In 2003, when Jerry and Margaret Nerman pledged funding for a new contemporary art museum on campus (the Nerman Museum of Contemporary Art opened in October 2007), the collecting focus for the trio changed. The college’s collection - of paintings, prints, photographs, ceramics, and sculpture – was installed across campus; some works were outside on the grassy lawns, and others inside the dining halls and along corridors. Hartman says the Oppenheimers brought up an important question.
"Marti and Toni and I were at dinner one evening," recalls Hartman. "And they suddenly looked at me and they said, 'Well, what are you going to put in the museum, in terms of the permanent collection galleries?'"
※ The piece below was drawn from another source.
(* Let $\phi\in C^3((0,\infty))$, $\eta=\phi'$ and $\hat\eta(r)=\eta(r)+2\eta(2r)$, and suppose there are constants $0<a_0<\tilde r_1<\tilde r_2<2a_0$ and $a_1>a_0$ such that: $\eta'(r)>0$ for $0<r<\tilde r_1$ and $\eta'(r)<0$ for $r>\tilde r_1$; $\eta''(r)<0$ for $0<r<\tilde r_2$ and $\eta''(r)>0$ for $r>\tilde r_2$; $\hat\eta(r)<0$ for $0<r<a_0$ and $\hat\eta(r)>0$ for $r>a_0$; $\hat\eta'(r)>0$ for $0<r<a_1$ and $\hat\eta'(r)<0$ for $r>a_1$. Let $N,K$ be positive integers with $K<N-1$ and define $\hat{\mathbf\Psi}^F:(0,\infty)^{2N+1}\to\mathbb R^{2N+1}$ by $\hat\psi^F_j(\mathbf r)=\eta(r_j)+2\eta(2r_j)$ for $-N\le j\le -K$ and for $K\le j\le N$, and $\hat\psi^F_j(\mathbf r)=\eta(r_j)+\eta(r_j+r_{j-1})+\eta(r_j+r_{j+1})+[2\eta(2r_K)-\eta(r_K+r_{K-1})-\eta(r_K+r_{K+1})]$ for $-K+1\le j\le K-1$. Suppose $r_L,r_U$ satisfy $\tilde r_2/2<r_L<r_U$ and $\eta'(r_U)+12\eta'(2r_L)\ge0$. If $\mathbf\Phi=(\Phi_{-N},\dots,\Phi_N)\in\mathbb R^{2N+1}$ satisfies $\eta(r_L)+4\eta(2r_L)-2\eta(2r_U)<\Phi_j<\eta(r_U)+4\eta(2r_U)-2\eta(2r_L)$ for $j=-N,\dots,N$, then $\hat{\mathbf\Psi}^F(\mathbf r)=\mathbf\Phi$ has a unique solution $\mathbf r$ in $\Omega=(r_L,r_U)^{2N+1}$.
   Context: $\hat{\mathbf\Psi}^F$ is the (symmetrized) internal conjugate force of the force-based quasicontinuum approximation of a one-dimensional atomic chain with nearest and next-nearest neighbour interactions given by the pair potential $\phi$, and $\mathbf\Phi$ is an external conjugate force. *)

theory Defs
  imports "HOL-Analysis.Analysis"
begin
Hartman didn't want to remove the "best pieces" throughout campus to put in the museum since that would defeat the purpose of the collection focus areas.
The Oppenheimers suggested a change of direction in their collecting - from buying sculpture to building a collection for the new museum. This marked a shift to also purchasing paintings, photographs, ceramics, new media, and textiles. At a furious pace, they started to collect work, including snapping up work by artists early in their careers.
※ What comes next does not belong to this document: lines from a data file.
lemma (in prob_space) distr_pair_eq_pair_measure:
  fixes H :: "'a \<Rightarrow> real"
  assumes [measurable]: "Z \<in> measurable M N" "H \<in> borel_measurable M"
    and indep: "\<And>B C. B \<in> sets borel \<Longrightarrow> C \<in> sets N \<Longrightarrow>
      prob {w \<in> space M. H w \<in> B \<and> Z w \<in> C} = prob {w \<in> space M. H w \<in> B} * prob {w \<in> space M. Z w \<in> C}"
  shows "distr M N Z \<Otimes>\<^sub>M distr M borel H = distr M (N \<Otimes>\<^sub>M borel) (\<lambda>w. (Z w, H w))"
proof (rule pair_measure_eqI)
  fix C B assume "C \<in> sets (distr M N Z)" "B \<in> sets (distr M borel H)"
  then have [measurable]: "C \<in> sets N" "B \<in> sets borel" by auto
  have "emeasure (distr M (N \<Otimes>\<^sub>M borel) (\<lambda>w. (Z w, H w))) (C \<times> B)
      = prob {w \<in> space M. H w \<in> B \<and> Z w \<in> C}"
    by (simp add: emeasure_distr emeasure_eq_measure vimage_def Int_def conj_commute)
  also have "\<dots> = emeasure (distr M N Z) C * emeasure (distr M borel H) B"
    using indep[of B C]
    by (simp add: emeasure_distr emeasure_eq_measure ennreal_mult[symmetric] vimage_def Int_def
        conj_commute mult.commute)
  finally show "emeasure (distr M N Z) C * emeasure (distr M borel H) B
      = emeasure (distr M (N \<Otimes>\<^sub>M borel) (\<lambda>w. (Z w, H w))) (C \<times> B)" ..
qed (auto intro!: prob_space_imp_sigma_finite prob_space_distr)

lemma (in prob_space) prob_less_independent:
  fixes H :: "'a \<Rightarrow> real"
  assumes [measurable]: "Z \<in> measurable M N" "H \<in> borel_measurable M"
    "Y \<in> borel_measurable N" "S \<in> sets N" "F \<in> borel_measurable borel"
    and indep: "\<And>B C. B \<in> sets borel \<Longrightarrow> C \<in> sets N \<Longrightarrow>
      prob {w \<in> space M. H w \<in> B \<and> Z w \<in> C} = prob {w \<in> space M. H w \<in> B} * prob {w \<in> space M. Z w \<in> C}"
    and F: "\<And>y. prob {w \<in> space M. H w < y} = F y"
  shows "prob {w \<in> space M. Z w \<in> S \<and> H w < Y (Z w)} = expectation (\<lambda>w. indicator S (Z w) * F (Y (Z w)))"
proof -
  define PZ where "PZ = distr M N Z"
  define PH where "PH = distr M borel H"
  interpret PH: prob_space PH unfolding PH_def by (rule prob_space_distr) simp
  define D where "D = {p \<in> space (N \<Otimes>\<^sub>M borel). fst p \<in> S \<and> snd p < Y (fst p)}"
  have D_sets[measurable]: "D \<in> sets (N \<Otimes>\<^sub>M borel)"
    unfolding D_def by measurable
  then have [measurable]: "D \<in> sets (PZ \<Otimes>\<^sub>M PH)"
    unfolding PZ_def PH_def by (simp cong: sets_pair_measure_cong)
  have F_bounds: "0 \<le> F y \<and> F y \<le> 1" for y
    by (metis F measure_nonneg prob_le_1)
  have "PZ \<Otimes>\<^sub>M PH = distr M (N \<Otimes>\<^sub>M borel) (\<lambda>w. (Z w, H w))"
    unfolding PZ_def PH_def by (rule distr_pair_eq_pair_measure[OF assms(1,2) indep])
  then have "emeasure (PZ \<Otimes>\<^sub>M PH) D = emeasure M ((\<lambda>w. (Z w, H w)) -` D \<inter> space M)"
    by (simp add: emeasure_distr D_sets)
  also have "(\<lambda>w. (Z w, H w)) -` D \<inter> space M = {w \<in> space M. Z w \<in> S \<and> H w < Y (Z w)}"
    using measurable_space[OF assms(1)] by (auto simp: D_def space_pair_measure)
  finally have "emeasure M {w \<in> space M. Z w \<in> S \<and> H w < Y (Z w)} = emeasure (PZ \<Otimes>\<^sub>M PH) D" ..
  also have "\<dots> = (\<integral>\<^sup>+ z. emeasure PH (Pair z -` D) \<partial>PZ)"
    by (rule PH.emeasure_pair_measure_alt) simp
  also have "\<dots> = (\<integral>\<^sup>+ z. ennreal (indicator S z * F (Y z)) \<partial>PZ)"
  proof (rule nn_integral_cong)
    fix z assume "z \<in> space PZ"
    then have "z \<in> space N" by (simp add: PZ_def)
    show "emeasure PH (Pair z -` D) = ennreal (indicator S z * F (Y z))"
    proof (cases "z \<in> S")
      case True
      then have "emeasure PH (Pair z -` D) = emeasure M {w \<in> space M. H w < Y z}"
        unfolding PH_def D_def using \<open>z \<in> space N\<close>
        by (subst emeasure_distr) (auto intro!: arg_cong2[where f=emeasure] simp: space_pair_measure)
      then show ?thesis using True by (simp add: emeasure_eq_measure F)
    qed (simp add: D_def)
  qed
  also have "\<dots> = (\<integral>\<^sup>+ w. ennreal (indicator S (Z w) * F (Y (Z w))) \<partial>M)"
    unfolding PZ_def by (subst nn_integral_distr) auto
  also have "\<dots> = ennreal (expectation (\<lambda>w. indicator S (Z w) * F (Y (Z w))))"
    using F_bounds
    by (intro nn_integral_eq_integral integrable_const_bound[where B=1]) (auto simp: indicator_def)
  finally show ?thesis
    using F_bounds by (simp add: emeasure_eq_measure integral_nonneg_AE indicator_def)
qed

lemma (in prob_space) prob_all_indep_events:
  assumes "indep_events E J" "finite J"
  shows "prob {w \<in> space M. \<forall>j \<in> J. w \<in> E j} = (\<Prod>j\<in>J. prob (E j))"
proof (cases "J = {}")
  case False
  have "E j \<subseteq> space M" if "j \<in> J" for j
    using assms(1) that sets.sets_into_space by (auto simp: indep_events_def)
  then have "{w \<in> space M. \<forall>j \<in> J. w \<in> E j} = (\<Inter>j\<in>J. E j)"
    using False by auto
  then show ?thesis using assms False by (simp add: indep_events_def)
qed (simp add: prob_space)

lemma floor_grid_tendsto: "(\<lambda>n. of_int \<lfloor>real (Suc n) * x\<rfloor> / real (Suc n)) \<longlonglongrightarrow> x"
proof (rule tendsto_sandwich[where f="\<lambda>n. x - inverse (real (Suc n))" and h="\<lambda>n. x"])
  have "x - inverse (real (Suc n)) \<le> of_int \<lfloor>real (Suc n) * x\<rfloor> / real (Suc n)"
    "of_int \<lfloor>real (Suc n) * x\<rfloor> / real (Suc n) \<le> x" for n
  proof -
    define r where "r = real (Suc n)"
    have "0 < r" by (simp add: r_def)
    have "x - inverse r = (r * x - 1) / r" using \<open>0 < r\<close> by (simp add: field_simps)
    also have "\<dots> \<le> of_int \<lfloor>r * x\<rfloor> / r" using \<open>0 < r\<close> by (intro divide_right_mono) linarith+
    finally show "x - inverse r \<le> of_int \<lfloor>r * x\<rfloor> / r" .
    show "of_int \<lfloor>r * x\<rfloor> / r \<le> x" using \<open>0 < r\<close> by (simp add: divide_le_eq mult.commute)
  qed
  then show "\<forall>\<^sub>F n in sequentially. x - inverse (real (Suc n)) \<le> of_int \<lfloor>real (Suc n) * x\<rfloor> / real (Suc n)"
    "\<forall>\<^sub>F n in sequentially. of_int \<lfloor>real (Suc n) * x\<rfloor> / real (Suc n) \<le> x"
    by simp_all
  show "(\<lambda>n. x - inverse (real (Suc n))) \<longlonglongrightarrow> x"
    using tendsto_diff[OF tendsto_const LIMSEQ_inverse_real_of_nat, of x] by simp
qed simp

lemma indicator_floor_partition:
  fixes g :: "int \<Rightarrow> real"
  assumes "0 < r" "S \<subseteq> {lo..hi}"
  shows "indicator S x * g \<lfloor>r * x\<rfloor>
    = (\<Sum>z\<in>{\<lfloor>r * lo\<rfloor>..\<lfloor>r * hi\<rfloor>}. indicator (S \<inter> {x. \<lfloor>r * x\<rfloor> = z}) x * g z)"
proof (cases "x \<in> S")
  case True
  then have "\<lfloor>r * x\<rfloor> \<in> {\<lfloor>r * lo\<rfloor>..\<lfloor>r * hi\<rfloor>}"
    using assms by (auto intro!: floor_mono)
  then show ?thesis using True
    by (simp add: indicator_def if_distrib[of "\<lambda>b. b * _"] cong: if_cong)
qed simp

lemma measurable_at_random_parameter:
  fixes c :: "'b \<Rightarrow> 'a \<Rightarrow> real"
  assumes "case_prod c \<in> borel_measurable (N \<Otimes>\<^sub>M M)" "p \<in> measurable M N"
  shows "(\<lambda>w. c (p w) w) \<in> borel_measurable M"
  using measurable_compose[of "\<lambda>w. (p w, w)" M "N \<Otimes>\<^sub>M M" "case_prod c"] assms by simp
Making a difference on campus
Tony Oppenheimer says having their collection based at a community college provides a unique opportunity to become part of the students’ lives.
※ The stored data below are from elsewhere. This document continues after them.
lemma integrable_input_component: "integrable input_law (\<lambda>\<sigma>. cmod (\<sigma> $ u))"
  and integral_input_component_le: "(\<integral>\<sigma>. cmod (\<sigma> $ u) \<partial>input_law) \<le> 1"
proof -
  interpret input_law: prob_space input_law by (rule prob_space_input_law)
  have [measurable]: "(\<lambda>\<sigma>::complex ^ 'u. cmod (\<sigma> $ u)) \<in> borel_measurable borel"
    by (intro borel_measurable_continuous_onI continuous_intros)
  have "integrable input_law (\<lambda>\<sigma>. (cmod (\<sigma> $ u))\<^sup>2)"
    unfolding input_law_def by (subst integrable_distr_eq) (auto simp: s_power_integrable)
  moreover have "(\<integral>\<sigma>. (cmod (\<sigma> $ u))\<^sup>2 \<partial>input_law) \<le> 1"
    unfolding input_law_def by (subst integral_distr) (auto simp: s_power)
  ultimately show "integrable input_law (\<lambda>\<sigma>. cmod (\<sigma> $ u))" "(\<integral>\<sigma>. cmod (\<sigma> $ u) \<partial>input_law) \<le> 1"
    using input_law.integral_abs_le_one_of_square[of "\<lambda>\<sigma>. cmod (\<sigma> $ u)"]
    by (simp_all add: measurable_cong_sets[OF sets_input_law refl])
qed

lemma abs_reim_comp_H_le: "\<bar>reim_comp (H *v \<sigma>) c\<bar> \<le> (\<Sum>u\<in>UNIV. cmod (H $ fst c $ u) * cmod (\<sigma> $ u))"
proof -
  have "\<bar>reim_comp (H *v \<sigma>) c\<bar> \<le> cmod (\<Sum>u\<in>UNIV. H $ fst c $ u * \<sigma> $ u)"
    using abs_reim_comp_le[of "H *v \<sigma>" c] by (simp add: matrix_vector_mult_def)
  also have "\<dots> \<le> (\<Sum>u\<in>UNIV. cmod (H $ fst c $ u * \<sigma> $ u))" by (rule norm_sum)
  finally show ?thesis by (simp add: norm_mult)
qed

lemma integrable_abs_reim_comp_H: "integrable input_law (\<lambda>\<sigma>. \<bar>reim_comp (H *v \<sigma>) c\<bar>)"
proof (rule Bochner_Integration.integrable_bound)
  show "integrable input_law (\<lambda>\<sigma>. \<Sum>u\<in>UNIV. cmod (H $ fst c $ u) * cmod (\<sigma> $ u))"
    using integrable_input_component by (intro Bochner_Integration.integrable_sum integrable_mult_right) auto
  show "AE \<sigma> in input_law. norm \<bar>reim_comp (H *v \<sigma>) c\<bar> \<le> norm (\<Sum>u\<in>UNIV. cmod (H $ fst c $ u) * cmod (\<sigma> $ u))"
    using abs_reim_comp_H_le by (intro AE_I2) (simp add: sum_nonneg order.trans[OF _ abs_ge_self])
qed (simp add: measurable_cong_sets[OF sets_input_law refl])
"Many times, I’ve heard a number of them say not, 'I’ll meet you in front of the library,' but 'I’ll meet you in front of the rabbit,'" says Oppenheimer. "The rabbit is Barry Flanagan’s Hare and Bell, a huge bronze sculpture.
"Many of the students see it as their art. This is their campus art. And that’s wonderful for us, to feel like we made a difference."
The Oppenheimer Collection now totals 153 works and counting, at an estimated value of more than $10 million dollars. It's also estimated about 1/3 of the works are from artists with ties to the Kansas City area.
Looking back and ahead to the next adventure
Marti Oppenheimer says there are no plans to stop adding to the collection. When they travel to art fairs, or artist studios - in Kansas City or other cities - she says it’s always a time of discovery.
"Whenever we’re with Bruce, we figure something might happen, because really, that’s what we do together and love, absolutely," says Marti.
To mark the 20th anniversary of the Oppenheimer Collection, the Nerman Museum is opening its gallery space, putting as many works as possible on display. This includes about 25 works that have never been on view, like new acquisitions from Dana Schutz, Nick Cave, Lonnie Powell, and Kent Michael Smith.
According to Hartman, it's a time to take stock: "This will be a moment for all of us where we continue to assess the collection, where we started, where we've been, where we are currently and where we want to go. And when I mentioned that we'd just acquired another piece (note: the day before our interview, they'd added work number 153 to the collection from a Kansas City gallery), that's the future.
"When you talk to artists and you say,'What's your favorite piece?" and they always say the one they're working on right now. And I think if you say to Tony and Marti and me - we'd all say, 'It's what we're going to acquire next because that's the adventure."